Stored data entries
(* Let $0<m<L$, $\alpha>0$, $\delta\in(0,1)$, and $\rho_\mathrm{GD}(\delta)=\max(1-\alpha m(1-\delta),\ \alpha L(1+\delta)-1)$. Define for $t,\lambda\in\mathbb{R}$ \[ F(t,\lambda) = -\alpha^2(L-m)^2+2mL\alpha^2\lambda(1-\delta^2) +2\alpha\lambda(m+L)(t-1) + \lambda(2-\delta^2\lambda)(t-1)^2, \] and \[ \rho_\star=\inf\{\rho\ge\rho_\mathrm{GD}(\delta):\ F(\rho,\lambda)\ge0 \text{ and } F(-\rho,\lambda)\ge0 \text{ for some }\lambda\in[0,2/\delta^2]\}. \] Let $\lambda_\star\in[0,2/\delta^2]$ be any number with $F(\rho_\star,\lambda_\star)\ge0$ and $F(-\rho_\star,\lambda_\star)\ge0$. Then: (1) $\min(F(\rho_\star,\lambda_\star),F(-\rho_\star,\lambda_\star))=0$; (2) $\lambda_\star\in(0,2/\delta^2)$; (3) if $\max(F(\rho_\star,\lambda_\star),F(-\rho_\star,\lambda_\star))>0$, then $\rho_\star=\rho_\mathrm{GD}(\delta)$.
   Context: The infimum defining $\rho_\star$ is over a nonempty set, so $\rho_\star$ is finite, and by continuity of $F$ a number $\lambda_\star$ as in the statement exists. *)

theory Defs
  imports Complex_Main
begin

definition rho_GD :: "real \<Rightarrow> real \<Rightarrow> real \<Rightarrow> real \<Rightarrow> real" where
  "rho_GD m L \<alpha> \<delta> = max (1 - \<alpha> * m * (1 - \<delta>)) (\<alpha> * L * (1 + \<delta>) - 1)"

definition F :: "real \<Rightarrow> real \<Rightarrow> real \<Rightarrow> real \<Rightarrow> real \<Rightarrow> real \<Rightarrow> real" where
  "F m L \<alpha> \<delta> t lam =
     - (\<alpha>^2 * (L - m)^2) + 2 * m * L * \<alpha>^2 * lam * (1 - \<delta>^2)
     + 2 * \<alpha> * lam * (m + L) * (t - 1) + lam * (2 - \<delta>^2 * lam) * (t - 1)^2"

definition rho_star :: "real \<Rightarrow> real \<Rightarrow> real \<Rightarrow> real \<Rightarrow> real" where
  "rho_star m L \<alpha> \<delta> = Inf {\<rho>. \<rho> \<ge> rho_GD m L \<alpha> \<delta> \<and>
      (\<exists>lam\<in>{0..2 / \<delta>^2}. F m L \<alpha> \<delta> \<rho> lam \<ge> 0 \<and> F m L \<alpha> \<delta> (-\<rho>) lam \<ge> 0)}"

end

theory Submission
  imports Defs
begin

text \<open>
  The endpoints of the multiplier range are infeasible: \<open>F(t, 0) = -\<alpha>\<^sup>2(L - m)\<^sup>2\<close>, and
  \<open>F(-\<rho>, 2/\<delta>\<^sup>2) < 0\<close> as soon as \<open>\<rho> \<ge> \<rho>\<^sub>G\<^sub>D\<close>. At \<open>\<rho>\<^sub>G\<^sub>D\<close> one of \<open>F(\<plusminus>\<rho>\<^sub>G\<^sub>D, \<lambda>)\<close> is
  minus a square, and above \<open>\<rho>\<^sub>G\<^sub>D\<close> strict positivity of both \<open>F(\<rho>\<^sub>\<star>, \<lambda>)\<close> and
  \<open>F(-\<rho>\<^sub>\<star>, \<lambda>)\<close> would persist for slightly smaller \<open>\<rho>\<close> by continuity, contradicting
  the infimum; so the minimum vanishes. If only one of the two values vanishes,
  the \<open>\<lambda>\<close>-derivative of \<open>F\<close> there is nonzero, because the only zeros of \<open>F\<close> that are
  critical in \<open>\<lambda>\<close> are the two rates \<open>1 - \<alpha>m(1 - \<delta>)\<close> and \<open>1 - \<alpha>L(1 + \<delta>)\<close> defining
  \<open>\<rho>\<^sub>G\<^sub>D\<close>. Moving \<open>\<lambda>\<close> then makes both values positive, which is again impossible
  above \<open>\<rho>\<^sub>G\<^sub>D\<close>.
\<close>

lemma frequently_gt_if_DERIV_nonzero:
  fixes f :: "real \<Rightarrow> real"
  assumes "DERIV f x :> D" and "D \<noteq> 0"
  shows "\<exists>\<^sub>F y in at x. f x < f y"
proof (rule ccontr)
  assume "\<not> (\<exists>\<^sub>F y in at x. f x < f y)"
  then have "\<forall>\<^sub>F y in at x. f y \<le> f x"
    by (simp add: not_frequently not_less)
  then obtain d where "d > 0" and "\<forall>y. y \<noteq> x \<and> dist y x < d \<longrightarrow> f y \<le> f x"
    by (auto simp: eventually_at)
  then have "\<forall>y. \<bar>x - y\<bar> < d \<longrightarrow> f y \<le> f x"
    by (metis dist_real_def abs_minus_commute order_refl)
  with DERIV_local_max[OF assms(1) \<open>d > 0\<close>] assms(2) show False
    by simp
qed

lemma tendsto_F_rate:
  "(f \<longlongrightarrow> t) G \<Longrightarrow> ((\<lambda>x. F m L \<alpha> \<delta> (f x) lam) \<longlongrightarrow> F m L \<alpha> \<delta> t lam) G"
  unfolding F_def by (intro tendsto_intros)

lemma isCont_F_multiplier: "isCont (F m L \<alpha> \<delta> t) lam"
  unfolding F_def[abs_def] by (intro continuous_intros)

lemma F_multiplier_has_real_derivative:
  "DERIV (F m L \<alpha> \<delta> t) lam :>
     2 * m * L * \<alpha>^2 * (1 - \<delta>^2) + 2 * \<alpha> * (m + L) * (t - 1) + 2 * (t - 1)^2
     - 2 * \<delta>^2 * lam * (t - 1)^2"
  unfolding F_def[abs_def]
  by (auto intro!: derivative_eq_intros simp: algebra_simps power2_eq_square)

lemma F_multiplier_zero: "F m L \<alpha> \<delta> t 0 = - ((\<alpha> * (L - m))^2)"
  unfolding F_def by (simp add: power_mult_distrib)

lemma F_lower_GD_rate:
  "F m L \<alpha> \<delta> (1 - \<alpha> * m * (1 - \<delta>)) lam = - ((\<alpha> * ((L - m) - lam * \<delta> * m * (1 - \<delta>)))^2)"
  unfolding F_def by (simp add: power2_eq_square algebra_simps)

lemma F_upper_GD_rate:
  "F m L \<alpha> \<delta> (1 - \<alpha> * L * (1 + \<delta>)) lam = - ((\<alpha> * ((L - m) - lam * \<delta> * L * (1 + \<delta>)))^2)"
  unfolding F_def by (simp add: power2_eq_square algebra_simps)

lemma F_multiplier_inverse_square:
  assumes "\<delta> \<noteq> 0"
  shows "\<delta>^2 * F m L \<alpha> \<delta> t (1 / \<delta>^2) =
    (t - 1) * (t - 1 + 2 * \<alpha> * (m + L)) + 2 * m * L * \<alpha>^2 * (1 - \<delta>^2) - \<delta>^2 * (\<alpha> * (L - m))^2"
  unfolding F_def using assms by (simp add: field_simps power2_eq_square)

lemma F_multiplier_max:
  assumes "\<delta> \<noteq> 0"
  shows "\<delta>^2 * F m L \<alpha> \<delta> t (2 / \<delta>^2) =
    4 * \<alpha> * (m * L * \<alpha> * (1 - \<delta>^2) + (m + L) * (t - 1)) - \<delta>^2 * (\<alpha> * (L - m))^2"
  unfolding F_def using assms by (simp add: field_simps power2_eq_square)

---

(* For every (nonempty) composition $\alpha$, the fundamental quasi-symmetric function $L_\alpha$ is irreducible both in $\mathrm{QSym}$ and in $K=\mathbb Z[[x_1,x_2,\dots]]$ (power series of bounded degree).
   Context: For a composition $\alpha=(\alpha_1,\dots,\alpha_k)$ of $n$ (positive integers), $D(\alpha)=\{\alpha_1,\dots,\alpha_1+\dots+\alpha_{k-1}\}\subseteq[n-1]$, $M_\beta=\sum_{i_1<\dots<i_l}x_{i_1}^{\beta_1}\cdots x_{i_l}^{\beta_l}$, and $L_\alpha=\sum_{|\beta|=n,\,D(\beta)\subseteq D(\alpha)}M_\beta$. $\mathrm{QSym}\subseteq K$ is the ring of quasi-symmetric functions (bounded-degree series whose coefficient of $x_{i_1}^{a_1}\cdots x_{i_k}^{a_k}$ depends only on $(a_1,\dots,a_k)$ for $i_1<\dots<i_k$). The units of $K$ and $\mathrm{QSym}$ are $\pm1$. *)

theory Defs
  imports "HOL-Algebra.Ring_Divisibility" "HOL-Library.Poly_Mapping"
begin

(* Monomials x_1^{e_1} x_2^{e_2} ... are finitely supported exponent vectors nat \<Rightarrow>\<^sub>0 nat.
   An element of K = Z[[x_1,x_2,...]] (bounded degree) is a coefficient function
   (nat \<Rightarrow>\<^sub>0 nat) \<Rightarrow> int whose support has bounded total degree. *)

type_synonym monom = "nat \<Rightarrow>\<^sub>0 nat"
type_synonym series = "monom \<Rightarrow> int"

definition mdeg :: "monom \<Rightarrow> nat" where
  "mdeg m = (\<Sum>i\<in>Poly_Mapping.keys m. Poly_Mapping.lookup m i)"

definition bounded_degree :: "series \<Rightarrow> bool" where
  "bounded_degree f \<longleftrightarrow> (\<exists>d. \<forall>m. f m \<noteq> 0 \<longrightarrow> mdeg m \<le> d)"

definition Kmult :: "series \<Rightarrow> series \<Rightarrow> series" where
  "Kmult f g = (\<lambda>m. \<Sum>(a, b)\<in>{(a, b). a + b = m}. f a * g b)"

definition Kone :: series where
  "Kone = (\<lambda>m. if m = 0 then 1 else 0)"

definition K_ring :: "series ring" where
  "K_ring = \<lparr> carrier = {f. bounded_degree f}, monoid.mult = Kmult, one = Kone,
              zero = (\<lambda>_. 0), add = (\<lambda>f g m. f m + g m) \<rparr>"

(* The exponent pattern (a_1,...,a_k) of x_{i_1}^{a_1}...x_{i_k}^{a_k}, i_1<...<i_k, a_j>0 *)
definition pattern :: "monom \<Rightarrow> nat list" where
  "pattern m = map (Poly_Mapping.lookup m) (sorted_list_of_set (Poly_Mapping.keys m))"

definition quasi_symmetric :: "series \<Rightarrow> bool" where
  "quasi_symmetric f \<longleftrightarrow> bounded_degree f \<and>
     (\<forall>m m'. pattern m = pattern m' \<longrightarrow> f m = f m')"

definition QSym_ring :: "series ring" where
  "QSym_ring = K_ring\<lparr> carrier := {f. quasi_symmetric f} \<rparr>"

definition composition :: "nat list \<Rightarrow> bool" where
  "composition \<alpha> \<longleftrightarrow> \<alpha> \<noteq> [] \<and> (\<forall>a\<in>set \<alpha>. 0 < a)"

_Problem to work on_: Make a list of all lines in the data that contain "bool".

_Written response_:
definition bounded_degree :: "series \<Rightarrow> bool" where
definition quasi_symmetric :: "series \<Rightarrow> bool" where
definition composition :: "nat list \<Rightarrow> bool" where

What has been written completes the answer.